Two lines in the listing below mark the span: one contains "(* For each" and one contains "define M' where". Reproduce both of them and everything between, exactly.
*****
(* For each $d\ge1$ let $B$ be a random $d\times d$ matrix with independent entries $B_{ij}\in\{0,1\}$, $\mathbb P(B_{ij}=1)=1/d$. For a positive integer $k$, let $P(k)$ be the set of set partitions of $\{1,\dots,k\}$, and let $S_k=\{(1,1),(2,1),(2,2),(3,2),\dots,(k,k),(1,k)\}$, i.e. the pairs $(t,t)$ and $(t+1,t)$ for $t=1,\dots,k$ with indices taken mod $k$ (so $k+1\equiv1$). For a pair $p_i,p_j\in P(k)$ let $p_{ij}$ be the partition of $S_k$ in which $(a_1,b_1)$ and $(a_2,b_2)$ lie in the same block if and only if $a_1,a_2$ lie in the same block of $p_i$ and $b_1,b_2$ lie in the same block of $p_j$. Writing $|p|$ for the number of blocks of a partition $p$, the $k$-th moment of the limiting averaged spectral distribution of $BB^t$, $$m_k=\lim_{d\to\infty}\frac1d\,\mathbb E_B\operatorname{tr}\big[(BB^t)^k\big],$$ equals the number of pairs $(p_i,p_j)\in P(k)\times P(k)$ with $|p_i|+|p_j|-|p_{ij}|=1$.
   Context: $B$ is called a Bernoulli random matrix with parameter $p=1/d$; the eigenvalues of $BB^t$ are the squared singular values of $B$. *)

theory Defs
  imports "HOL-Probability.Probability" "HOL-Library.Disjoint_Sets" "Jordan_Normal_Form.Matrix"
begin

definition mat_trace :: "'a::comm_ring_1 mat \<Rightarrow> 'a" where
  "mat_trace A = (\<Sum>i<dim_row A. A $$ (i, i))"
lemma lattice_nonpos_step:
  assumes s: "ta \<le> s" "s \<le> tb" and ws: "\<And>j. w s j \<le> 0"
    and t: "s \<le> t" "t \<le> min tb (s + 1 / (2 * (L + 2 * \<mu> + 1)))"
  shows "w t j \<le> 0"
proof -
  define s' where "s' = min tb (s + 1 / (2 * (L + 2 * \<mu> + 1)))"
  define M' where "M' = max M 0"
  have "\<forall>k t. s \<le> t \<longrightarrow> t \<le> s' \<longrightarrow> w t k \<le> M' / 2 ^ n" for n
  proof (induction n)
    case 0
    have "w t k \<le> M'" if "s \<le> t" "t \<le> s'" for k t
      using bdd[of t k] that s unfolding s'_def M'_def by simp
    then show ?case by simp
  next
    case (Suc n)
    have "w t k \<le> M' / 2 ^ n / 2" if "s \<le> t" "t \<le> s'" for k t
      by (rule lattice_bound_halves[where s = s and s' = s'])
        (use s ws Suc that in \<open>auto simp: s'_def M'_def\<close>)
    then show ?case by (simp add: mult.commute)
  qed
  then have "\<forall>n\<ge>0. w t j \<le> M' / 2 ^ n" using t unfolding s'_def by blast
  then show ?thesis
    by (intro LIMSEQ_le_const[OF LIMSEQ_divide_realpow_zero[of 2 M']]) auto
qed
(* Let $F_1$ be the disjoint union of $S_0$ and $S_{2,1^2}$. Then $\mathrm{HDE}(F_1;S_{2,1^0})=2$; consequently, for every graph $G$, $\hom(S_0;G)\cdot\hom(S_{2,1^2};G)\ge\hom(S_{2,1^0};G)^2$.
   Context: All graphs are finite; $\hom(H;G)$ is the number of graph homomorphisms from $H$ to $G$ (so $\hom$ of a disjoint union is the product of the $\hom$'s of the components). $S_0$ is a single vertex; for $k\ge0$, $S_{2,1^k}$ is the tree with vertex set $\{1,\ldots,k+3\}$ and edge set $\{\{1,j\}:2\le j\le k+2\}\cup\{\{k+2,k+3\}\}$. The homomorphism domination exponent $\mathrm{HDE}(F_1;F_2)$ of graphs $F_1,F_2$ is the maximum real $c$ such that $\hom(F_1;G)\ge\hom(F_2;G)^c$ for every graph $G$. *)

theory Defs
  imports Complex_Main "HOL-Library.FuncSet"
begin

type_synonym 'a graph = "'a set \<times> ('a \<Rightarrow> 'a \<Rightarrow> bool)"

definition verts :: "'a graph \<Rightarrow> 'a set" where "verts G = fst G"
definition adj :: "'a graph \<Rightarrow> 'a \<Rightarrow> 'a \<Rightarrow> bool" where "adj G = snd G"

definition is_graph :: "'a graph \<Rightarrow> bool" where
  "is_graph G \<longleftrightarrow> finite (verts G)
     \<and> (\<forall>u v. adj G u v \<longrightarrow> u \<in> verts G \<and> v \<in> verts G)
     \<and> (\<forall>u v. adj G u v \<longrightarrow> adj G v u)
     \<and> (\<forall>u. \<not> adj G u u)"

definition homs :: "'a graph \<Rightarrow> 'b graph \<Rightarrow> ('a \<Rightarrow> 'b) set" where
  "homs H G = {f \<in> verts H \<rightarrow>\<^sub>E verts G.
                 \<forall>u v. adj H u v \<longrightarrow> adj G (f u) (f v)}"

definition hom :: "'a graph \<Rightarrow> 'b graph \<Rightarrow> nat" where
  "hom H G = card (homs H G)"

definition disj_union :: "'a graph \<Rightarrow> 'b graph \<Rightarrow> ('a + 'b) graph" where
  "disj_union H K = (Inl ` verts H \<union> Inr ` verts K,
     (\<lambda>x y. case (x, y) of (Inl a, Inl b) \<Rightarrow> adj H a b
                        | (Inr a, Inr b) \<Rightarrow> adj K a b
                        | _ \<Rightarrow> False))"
*****
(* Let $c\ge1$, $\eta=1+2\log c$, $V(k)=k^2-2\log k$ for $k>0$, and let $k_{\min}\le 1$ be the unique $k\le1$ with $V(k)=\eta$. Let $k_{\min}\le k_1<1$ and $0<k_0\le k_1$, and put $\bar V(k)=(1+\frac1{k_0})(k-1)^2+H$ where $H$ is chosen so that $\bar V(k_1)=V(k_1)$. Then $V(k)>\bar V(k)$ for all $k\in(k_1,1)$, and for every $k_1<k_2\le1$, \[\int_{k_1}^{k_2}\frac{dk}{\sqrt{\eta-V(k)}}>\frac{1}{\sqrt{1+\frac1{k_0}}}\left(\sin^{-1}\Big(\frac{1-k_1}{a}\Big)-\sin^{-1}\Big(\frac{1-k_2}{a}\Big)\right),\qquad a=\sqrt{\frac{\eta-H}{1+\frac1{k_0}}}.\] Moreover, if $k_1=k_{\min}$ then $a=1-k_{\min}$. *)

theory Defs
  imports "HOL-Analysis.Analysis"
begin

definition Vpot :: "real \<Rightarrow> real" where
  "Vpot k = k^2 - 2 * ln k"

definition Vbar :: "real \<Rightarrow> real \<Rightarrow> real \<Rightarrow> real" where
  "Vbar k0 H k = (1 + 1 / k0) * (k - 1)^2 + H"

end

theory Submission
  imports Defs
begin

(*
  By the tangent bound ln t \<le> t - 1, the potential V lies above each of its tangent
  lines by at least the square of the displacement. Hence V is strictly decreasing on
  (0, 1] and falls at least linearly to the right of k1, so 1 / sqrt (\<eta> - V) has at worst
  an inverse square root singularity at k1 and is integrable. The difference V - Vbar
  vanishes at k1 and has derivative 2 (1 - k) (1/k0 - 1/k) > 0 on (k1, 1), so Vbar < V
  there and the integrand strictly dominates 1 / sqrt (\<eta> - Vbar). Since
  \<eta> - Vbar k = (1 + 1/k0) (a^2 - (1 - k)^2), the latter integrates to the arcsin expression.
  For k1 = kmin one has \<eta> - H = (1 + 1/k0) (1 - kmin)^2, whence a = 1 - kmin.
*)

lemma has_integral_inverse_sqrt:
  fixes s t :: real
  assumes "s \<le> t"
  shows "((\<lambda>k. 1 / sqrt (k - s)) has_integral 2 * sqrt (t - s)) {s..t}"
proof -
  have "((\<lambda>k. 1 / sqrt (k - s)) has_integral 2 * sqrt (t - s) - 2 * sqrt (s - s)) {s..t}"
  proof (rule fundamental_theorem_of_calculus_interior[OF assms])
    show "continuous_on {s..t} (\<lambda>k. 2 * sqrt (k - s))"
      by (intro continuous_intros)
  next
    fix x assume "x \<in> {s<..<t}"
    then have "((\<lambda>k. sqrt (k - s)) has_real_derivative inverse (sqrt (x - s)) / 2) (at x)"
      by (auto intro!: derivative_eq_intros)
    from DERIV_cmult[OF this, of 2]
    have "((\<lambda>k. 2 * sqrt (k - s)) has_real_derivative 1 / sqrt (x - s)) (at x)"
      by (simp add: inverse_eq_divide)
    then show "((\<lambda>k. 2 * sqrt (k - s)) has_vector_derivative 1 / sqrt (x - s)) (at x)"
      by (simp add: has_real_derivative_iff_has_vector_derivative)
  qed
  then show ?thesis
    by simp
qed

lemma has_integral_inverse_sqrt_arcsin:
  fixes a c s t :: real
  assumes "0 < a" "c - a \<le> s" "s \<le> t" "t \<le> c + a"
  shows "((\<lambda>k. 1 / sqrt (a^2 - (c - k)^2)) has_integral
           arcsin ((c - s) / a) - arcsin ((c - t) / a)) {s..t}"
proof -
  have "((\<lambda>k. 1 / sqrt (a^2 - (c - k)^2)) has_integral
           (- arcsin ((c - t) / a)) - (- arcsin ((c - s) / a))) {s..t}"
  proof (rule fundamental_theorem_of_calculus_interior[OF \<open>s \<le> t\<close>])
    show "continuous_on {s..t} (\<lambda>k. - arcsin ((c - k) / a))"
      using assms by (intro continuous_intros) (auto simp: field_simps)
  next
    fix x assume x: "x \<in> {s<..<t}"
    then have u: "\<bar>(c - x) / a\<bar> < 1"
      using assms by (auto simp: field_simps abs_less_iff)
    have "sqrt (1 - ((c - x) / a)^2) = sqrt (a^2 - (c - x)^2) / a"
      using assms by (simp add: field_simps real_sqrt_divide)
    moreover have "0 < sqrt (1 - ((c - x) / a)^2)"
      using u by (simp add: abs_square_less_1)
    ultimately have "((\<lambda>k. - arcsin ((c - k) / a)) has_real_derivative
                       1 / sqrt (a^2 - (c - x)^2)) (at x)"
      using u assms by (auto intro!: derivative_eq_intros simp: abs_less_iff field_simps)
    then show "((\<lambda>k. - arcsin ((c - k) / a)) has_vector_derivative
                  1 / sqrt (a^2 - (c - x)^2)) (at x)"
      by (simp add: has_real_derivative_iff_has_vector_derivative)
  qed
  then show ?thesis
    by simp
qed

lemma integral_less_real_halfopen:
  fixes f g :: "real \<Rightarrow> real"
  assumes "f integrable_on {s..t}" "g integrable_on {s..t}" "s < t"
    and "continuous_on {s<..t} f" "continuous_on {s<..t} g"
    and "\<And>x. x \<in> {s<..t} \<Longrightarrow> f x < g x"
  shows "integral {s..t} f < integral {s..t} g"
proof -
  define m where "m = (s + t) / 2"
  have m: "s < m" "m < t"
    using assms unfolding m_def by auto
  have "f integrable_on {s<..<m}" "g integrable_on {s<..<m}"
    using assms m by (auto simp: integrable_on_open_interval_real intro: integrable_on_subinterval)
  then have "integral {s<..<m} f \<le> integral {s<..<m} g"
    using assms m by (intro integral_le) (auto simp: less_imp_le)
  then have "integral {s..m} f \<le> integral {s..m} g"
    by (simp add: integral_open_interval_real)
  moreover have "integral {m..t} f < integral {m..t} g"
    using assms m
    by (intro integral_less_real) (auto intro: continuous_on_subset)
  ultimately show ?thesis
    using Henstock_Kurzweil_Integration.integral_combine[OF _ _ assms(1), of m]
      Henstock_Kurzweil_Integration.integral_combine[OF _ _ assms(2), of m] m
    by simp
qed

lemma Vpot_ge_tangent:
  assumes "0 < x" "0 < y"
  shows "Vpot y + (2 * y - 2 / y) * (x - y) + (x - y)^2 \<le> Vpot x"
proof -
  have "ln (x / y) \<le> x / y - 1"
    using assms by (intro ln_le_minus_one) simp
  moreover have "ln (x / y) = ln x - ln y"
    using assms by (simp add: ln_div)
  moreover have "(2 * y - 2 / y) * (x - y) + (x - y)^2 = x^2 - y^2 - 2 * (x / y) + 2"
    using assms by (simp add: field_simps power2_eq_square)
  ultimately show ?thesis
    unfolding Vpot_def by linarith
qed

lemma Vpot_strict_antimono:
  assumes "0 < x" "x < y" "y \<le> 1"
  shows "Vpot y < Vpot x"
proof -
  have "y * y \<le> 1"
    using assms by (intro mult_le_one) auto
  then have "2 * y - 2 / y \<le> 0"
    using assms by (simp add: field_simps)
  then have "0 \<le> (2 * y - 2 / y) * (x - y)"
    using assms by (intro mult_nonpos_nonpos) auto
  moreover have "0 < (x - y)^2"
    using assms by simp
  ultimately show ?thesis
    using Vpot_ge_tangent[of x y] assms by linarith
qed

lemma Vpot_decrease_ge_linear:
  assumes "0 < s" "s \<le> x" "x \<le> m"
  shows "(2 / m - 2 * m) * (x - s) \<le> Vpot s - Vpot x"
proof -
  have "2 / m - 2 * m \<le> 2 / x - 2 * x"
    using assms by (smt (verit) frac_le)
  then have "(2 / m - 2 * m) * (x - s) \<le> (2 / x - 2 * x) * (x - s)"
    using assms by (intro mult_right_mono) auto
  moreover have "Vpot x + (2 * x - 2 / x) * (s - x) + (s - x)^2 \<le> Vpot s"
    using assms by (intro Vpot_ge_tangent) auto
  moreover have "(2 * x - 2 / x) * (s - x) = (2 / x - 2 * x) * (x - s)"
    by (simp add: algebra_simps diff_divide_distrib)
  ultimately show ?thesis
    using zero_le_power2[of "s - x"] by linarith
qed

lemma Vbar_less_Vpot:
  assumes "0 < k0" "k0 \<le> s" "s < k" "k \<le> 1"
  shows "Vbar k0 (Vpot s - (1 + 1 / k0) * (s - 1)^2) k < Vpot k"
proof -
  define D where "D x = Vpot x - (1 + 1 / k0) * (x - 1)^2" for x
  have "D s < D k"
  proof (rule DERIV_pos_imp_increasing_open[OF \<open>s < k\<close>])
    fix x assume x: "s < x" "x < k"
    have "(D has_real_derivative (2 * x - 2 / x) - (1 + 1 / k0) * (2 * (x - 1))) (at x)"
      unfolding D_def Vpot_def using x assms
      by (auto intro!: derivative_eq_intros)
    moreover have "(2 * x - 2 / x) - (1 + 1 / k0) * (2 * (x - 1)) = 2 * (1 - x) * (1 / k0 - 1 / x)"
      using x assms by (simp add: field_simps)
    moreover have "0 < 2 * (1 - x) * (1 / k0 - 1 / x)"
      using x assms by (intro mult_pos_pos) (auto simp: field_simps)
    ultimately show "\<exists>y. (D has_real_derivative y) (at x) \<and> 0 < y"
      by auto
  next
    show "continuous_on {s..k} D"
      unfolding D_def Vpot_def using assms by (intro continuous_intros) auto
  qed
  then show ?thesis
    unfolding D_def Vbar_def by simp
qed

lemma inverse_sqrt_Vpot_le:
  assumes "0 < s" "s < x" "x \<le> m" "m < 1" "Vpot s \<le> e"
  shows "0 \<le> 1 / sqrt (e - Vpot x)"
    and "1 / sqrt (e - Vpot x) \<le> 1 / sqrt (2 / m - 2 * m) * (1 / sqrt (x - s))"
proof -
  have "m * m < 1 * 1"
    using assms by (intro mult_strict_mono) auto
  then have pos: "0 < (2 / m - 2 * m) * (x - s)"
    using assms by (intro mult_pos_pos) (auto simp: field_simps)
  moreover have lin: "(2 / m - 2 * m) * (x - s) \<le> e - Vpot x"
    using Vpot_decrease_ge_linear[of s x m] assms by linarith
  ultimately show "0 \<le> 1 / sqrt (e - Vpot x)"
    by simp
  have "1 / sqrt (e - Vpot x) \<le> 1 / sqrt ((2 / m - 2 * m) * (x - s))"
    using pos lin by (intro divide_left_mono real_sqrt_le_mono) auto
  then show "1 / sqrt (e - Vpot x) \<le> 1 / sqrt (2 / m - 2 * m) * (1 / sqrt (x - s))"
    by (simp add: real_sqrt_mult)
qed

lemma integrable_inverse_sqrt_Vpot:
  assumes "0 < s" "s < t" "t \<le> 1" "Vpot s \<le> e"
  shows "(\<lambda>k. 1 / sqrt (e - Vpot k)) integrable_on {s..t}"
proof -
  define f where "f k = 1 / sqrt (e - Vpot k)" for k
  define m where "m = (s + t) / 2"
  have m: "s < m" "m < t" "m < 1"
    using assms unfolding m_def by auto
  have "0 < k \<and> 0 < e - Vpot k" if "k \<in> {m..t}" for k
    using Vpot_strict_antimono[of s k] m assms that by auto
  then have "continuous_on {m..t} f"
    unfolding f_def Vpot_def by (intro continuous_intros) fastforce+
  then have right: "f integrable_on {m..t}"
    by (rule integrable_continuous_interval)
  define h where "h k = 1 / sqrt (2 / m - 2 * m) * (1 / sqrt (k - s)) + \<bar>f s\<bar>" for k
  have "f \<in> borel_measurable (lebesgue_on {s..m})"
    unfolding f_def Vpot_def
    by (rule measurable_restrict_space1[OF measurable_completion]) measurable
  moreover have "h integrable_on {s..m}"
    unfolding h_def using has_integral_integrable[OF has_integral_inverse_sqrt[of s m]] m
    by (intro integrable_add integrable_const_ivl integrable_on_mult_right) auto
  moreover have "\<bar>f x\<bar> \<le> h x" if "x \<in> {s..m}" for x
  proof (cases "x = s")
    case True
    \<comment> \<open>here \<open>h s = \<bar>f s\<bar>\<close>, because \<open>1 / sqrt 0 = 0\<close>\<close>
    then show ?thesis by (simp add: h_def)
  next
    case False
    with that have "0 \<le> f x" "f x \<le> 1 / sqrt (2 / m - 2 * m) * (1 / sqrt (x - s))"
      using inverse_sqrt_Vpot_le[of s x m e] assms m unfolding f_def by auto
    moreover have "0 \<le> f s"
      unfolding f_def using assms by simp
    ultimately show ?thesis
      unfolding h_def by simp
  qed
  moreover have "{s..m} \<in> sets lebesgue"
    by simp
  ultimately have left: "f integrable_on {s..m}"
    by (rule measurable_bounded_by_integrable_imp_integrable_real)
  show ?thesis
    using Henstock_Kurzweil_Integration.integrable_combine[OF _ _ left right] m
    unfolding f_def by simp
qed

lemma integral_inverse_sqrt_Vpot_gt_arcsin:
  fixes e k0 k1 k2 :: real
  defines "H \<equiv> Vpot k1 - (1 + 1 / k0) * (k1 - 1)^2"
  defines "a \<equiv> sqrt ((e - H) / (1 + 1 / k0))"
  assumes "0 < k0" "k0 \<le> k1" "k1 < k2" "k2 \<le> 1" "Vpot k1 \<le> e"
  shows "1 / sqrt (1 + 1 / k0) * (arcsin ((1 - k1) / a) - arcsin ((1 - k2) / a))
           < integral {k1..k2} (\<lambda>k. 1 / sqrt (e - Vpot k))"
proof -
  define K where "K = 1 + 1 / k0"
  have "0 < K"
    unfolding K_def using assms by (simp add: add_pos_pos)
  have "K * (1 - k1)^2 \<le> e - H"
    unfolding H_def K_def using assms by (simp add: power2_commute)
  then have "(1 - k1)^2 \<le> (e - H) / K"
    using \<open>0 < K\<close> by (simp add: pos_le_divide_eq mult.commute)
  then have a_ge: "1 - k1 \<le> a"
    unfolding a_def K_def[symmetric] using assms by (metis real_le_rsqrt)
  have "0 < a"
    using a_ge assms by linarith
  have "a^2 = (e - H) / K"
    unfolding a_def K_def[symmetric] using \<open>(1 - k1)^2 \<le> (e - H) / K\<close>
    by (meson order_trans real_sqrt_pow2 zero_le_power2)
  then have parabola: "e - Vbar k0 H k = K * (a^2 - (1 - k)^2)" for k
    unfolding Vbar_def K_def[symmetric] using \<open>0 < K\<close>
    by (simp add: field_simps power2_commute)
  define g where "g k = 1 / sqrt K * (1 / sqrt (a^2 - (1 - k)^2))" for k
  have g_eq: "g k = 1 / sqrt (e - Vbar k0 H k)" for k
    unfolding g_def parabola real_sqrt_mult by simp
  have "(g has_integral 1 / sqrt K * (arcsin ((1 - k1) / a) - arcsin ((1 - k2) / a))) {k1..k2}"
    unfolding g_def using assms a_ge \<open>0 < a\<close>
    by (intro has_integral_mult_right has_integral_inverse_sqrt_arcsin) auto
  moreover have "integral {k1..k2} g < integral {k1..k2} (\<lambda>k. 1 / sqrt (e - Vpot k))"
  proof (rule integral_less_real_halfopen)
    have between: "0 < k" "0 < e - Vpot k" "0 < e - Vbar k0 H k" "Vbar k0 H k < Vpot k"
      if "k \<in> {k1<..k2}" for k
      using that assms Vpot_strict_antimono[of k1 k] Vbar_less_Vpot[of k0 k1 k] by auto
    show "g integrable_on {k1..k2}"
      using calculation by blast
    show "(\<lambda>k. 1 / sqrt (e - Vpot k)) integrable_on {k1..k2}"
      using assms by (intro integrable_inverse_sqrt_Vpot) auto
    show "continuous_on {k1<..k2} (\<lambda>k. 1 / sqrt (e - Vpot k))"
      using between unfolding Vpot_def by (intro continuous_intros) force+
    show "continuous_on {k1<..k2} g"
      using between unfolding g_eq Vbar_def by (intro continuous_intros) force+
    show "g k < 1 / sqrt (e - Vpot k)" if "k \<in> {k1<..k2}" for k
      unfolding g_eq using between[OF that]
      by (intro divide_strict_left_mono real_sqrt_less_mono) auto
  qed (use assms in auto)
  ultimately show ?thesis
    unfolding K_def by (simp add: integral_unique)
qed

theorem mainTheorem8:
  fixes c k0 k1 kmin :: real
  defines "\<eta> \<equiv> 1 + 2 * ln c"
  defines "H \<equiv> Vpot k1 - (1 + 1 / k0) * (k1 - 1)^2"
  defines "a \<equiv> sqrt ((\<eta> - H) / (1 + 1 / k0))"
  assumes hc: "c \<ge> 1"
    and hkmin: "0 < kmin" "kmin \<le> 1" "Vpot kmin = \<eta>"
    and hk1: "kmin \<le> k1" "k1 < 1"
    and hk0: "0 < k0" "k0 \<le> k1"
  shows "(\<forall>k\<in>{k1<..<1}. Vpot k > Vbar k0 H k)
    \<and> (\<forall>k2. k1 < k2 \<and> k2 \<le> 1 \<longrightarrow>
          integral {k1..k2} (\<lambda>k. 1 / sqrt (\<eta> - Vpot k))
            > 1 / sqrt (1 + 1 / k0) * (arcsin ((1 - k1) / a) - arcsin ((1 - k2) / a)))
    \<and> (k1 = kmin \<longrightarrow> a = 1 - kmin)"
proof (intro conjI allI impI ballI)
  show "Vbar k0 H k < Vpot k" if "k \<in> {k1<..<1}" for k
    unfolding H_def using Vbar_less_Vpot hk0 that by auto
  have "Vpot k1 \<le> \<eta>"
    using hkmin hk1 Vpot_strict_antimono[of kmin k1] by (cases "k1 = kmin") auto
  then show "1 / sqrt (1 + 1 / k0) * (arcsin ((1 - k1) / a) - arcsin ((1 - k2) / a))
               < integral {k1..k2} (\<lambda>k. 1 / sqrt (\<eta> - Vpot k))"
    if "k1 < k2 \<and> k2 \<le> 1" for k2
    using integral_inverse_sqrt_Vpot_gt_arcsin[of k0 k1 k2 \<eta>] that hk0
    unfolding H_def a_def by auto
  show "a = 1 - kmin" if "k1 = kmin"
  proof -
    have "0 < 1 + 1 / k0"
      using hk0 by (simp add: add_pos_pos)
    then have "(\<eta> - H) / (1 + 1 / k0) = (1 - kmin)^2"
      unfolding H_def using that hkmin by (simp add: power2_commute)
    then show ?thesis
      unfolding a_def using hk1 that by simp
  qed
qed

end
*****
● **FINAL ANSWER**
(* For each $d\ge1$ let $B$ be a random $d\times d$ matrix with independent entries $B_{ij}\in\{0,1\}$, $\mathbb P(B_{ij}=1)=1/d$. For a positive integer $k$, let $P(k)$ be the set of set partitions of $\{1,\dots,k\}$, and let $S_k=\{(1,1),(2,1),(2,2),(3,2),\dots,(k,k),(1,k)\}$, i.e. the pairs $(t,t)$ and $(t+1,t)$ for $t=1,\dots,k$ with indices taken mod $k$ (so $k+1\equiv1$). For a pair $p_i,p_j\in P(k)$ let $p_{ij}$ be the partition of $S_k$ in which $(a_1,b_1)$ and $(a_2,b_2)$ lie in the same block if and only if $a_1,a_2$ lie in the same block of $p_i$ and $b_1,b_2$ lie in the same block of $p_j$. Writing $|p|$ for the number of blocks of a partition $p$, the $k$-th moment of the limiting averaged spectral distribution of $BB^t$, $$m_k=\lim_{d\to\infty}\frac1d\,\mathbb E_B\operatorname{tr}\big[(BB^t)^k\big],$$ equals the number of pairs $(p_i,p_j)\in P(k)\times P(k)$ with $|p_i|+|p_j|-|p_{ij}|=1$.
   Context: $B$ is called a Bernoulli random matrix with parameter $p=1/d$; the eigenvalues of $BB^t$ are the squared singular values of $B$. *)

theory Defs
  imports "HOL-Probability.Probability" "HOL-Library.Disjoint_Sets" "Jordan_Normal_Form.Matrix"
begin

definition mat_trace :: "'a::comm_ring_1 mat \<Rightarrow> 'a" where
  "mat_trace A = (\<Sum>i<dim_row A. A $$ (i, i))"
lemma lattice_nonpos_step:
  assumes s: "ta \<le> s" "s \<le> tb" and ws: "\<And>j. w s j \<le> 0"
    and t: "s \<le> t" "t \<le> min tb (s + 1 / (2 * (L + 2 * \<mu> + 1)))"
  shows "w t j \<le> 0"
proof -
  define s' where "s' = min tb (s + 1 / (2 * (L + 2 * \<mu> + 1)))"
  define M' where "M' = max M 0"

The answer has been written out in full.